=== PROVIDED DATA ===

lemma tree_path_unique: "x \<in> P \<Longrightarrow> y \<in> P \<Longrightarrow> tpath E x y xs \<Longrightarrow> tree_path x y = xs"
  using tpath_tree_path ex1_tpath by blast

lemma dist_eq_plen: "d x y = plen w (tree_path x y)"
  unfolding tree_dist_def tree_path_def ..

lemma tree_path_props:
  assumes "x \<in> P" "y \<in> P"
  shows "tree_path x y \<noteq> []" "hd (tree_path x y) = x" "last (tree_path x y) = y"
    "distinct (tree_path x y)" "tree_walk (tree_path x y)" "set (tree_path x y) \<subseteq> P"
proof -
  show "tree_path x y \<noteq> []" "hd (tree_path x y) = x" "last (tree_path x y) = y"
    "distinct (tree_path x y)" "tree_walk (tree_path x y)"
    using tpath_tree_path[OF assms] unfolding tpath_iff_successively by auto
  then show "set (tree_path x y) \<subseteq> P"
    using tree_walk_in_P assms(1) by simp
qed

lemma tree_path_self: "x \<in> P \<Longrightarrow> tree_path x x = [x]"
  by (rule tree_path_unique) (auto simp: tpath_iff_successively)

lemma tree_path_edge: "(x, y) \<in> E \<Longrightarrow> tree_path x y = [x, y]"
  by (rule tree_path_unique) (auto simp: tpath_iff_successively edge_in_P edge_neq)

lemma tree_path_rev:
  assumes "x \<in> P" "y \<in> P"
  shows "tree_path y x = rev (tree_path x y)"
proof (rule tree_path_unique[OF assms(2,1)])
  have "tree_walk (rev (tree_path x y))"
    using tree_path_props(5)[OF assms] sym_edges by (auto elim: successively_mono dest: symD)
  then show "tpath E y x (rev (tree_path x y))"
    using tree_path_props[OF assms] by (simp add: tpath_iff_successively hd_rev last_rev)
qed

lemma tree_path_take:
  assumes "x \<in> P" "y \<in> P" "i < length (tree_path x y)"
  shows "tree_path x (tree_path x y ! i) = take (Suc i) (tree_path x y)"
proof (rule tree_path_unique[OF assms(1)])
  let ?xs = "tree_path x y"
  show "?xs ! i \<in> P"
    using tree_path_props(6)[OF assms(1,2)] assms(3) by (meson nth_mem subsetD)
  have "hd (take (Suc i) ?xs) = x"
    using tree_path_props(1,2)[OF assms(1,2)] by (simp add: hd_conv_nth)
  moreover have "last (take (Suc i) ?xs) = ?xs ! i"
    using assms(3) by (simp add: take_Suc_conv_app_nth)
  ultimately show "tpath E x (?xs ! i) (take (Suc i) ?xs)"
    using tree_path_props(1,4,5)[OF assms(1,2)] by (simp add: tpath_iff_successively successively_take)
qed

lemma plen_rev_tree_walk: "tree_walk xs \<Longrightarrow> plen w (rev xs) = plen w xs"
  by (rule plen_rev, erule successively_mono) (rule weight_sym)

===
=== PROVIDED DATA ===

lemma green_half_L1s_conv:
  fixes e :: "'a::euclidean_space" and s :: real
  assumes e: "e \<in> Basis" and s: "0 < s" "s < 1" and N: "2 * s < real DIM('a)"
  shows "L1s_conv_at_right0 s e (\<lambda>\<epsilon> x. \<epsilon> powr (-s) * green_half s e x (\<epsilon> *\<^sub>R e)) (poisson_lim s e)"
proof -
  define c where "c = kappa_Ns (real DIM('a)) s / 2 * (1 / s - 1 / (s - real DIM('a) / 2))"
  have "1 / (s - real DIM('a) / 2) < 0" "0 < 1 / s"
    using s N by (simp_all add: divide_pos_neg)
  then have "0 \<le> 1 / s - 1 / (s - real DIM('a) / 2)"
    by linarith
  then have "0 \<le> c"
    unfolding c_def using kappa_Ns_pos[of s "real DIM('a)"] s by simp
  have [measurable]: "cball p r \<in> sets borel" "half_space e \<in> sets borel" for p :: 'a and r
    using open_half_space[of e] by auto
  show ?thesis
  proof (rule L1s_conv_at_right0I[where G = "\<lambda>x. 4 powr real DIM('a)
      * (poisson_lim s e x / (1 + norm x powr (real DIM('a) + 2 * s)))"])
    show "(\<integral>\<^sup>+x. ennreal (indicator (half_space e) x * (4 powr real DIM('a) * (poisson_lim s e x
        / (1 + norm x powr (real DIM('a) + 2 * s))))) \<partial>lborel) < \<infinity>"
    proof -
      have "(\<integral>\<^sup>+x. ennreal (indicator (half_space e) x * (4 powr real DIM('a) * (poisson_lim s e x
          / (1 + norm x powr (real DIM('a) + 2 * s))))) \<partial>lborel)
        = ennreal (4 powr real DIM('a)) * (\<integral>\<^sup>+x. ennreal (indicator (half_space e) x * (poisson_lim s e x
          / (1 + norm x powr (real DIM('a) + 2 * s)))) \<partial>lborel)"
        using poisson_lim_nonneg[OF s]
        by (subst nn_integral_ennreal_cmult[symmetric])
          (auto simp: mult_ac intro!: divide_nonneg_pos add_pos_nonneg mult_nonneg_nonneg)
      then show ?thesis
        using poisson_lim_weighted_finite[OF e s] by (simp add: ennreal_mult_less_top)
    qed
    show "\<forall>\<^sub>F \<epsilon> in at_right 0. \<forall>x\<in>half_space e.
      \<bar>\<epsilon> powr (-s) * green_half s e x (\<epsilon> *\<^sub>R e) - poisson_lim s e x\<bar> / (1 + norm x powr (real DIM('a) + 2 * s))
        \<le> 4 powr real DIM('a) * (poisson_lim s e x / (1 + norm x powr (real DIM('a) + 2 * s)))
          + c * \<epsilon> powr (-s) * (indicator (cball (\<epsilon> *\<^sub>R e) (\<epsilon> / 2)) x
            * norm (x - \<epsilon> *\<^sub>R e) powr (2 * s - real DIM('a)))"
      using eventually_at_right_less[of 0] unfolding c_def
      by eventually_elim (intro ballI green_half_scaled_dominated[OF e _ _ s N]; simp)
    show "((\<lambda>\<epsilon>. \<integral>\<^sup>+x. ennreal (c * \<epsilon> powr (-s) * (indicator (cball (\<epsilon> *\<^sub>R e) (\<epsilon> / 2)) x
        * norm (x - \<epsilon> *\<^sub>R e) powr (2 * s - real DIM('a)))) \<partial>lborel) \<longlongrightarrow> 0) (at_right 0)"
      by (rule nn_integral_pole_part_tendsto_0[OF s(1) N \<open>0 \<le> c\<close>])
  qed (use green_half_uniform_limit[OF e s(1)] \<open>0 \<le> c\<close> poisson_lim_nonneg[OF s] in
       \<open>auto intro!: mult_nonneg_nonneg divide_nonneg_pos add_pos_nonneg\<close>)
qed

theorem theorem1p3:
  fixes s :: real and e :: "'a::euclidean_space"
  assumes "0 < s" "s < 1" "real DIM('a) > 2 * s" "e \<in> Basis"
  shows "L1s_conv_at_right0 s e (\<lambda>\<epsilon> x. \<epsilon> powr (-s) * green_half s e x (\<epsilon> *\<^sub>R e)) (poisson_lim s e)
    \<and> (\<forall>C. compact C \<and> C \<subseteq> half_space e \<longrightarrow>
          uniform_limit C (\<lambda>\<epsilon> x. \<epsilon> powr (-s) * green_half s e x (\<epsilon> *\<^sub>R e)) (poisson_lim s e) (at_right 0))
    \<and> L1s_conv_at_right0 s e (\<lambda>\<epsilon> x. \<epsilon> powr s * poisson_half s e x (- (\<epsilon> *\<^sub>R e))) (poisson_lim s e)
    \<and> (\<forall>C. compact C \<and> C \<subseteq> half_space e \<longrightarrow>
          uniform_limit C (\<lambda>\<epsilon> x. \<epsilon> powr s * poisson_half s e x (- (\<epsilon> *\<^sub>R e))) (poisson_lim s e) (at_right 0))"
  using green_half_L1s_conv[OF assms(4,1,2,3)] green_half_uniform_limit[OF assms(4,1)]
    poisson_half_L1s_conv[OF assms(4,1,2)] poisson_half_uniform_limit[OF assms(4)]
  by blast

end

===
=== PROVIDED DATA ===

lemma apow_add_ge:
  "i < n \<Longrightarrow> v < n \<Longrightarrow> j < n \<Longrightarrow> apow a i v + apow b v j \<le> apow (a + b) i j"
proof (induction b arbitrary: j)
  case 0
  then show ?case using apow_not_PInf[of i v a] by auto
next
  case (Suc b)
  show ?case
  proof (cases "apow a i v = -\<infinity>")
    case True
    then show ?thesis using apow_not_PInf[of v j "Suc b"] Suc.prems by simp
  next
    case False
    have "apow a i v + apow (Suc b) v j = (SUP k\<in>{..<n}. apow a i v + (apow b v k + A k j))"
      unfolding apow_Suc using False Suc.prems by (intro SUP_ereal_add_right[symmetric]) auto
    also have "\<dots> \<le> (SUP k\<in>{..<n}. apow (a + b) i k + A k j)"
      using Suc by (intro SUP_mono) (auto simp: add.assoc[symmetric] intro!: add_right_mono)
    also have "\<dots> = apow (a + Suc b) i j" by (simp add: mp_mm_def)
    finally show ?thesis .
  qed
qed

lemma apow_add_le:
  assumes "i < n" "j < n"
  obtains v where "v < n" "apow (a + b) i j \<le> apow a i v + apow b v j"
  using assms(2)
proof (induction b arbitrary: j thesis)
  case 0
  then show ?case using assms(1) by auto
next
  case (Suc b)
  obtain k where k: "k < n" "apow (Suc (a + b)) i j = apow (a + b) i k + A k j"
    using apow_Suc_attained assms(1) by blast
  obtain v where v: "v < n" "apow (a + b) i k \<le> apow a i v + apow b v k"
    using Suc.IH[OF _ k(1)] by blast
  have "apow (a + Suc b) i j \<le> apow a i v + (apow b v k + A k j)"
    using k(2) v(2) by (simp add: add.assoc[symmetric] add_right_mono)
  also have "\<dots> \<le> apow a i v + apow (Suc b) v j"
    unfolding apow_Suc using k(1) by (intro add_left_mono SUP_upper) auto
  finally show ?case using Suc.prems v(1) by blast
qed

===

*DESCRIPTION OF THE TASK*. What do the lines above say from the one containing "P \<Longrightarrow> y" down to the one containing "using tree_path_props(5)[OF assms]"? Return them exactly, both end lines included, and only them.

*SOLVED PROBLEM*.
lemma tree_path_unique: "x \<in> P \<Longrightarrow> y \<in> P \<Longrightarrow> tpath E x y xs \<Longrightarrow> tree_path x y = xs"
  using tpath_tree_path ex1_tpath by blast

lemma dist_eq_plen: "d x y = plen w (tree_path x y)"
  unfolding tree_dist_def tree_path_def ..

lemma tree_path_props:
  assumes "x \<in> P" "y \<in> P"
  shows "tree_path x y \<noteq> []" "hd (tree_path x y) = x" "last (tree_path x y) = y"
    "distinct (tree_path x y)" "tree_walk (tree_path x y)" "set (tree_path x y) \<subseteq> P"
proof -
  show "tree_path x y \<noteq> []" "hd (tree_path x y) = x" "last (tree_path x y) = y"
    "distinct (tree_path x y)" "tree_walk (tree_path x y)"
    using tpath_tree_path[OF assms] unfolding tpath_iff_successively by auto
  then show "set (tree_path x y) \<subseteq> P"
    using tree_walk_in_P assms(1) by simp
qed

lemma tree_path_self: "x \<in> P \<Longrightarrow> tree_path x x = [x]"
  by (rule tree_path_unique) (auto simp: tpath_iff_successively)

lemma tree_path_edge: "(x, y) \<in> E \<Longrightarrow> tree_path x y = [x, y]"
  by (rule tree_path_unique) (auto simp: tpath_iff_successively edge_in_P edge_neq)

lemma tree_path_rev:
  assumes "x \<in> P" "y \<in> P"
  shows "tree_path y x = rev (tree_path x y)"
proof (rule tree_path_unique[OF assms(2,1)])
  have "tree_walk (rev (tree_path x y))"
    using tree_path_props(5)[OF assms] sym_edges by (auto elim: successively_mono dest: symD)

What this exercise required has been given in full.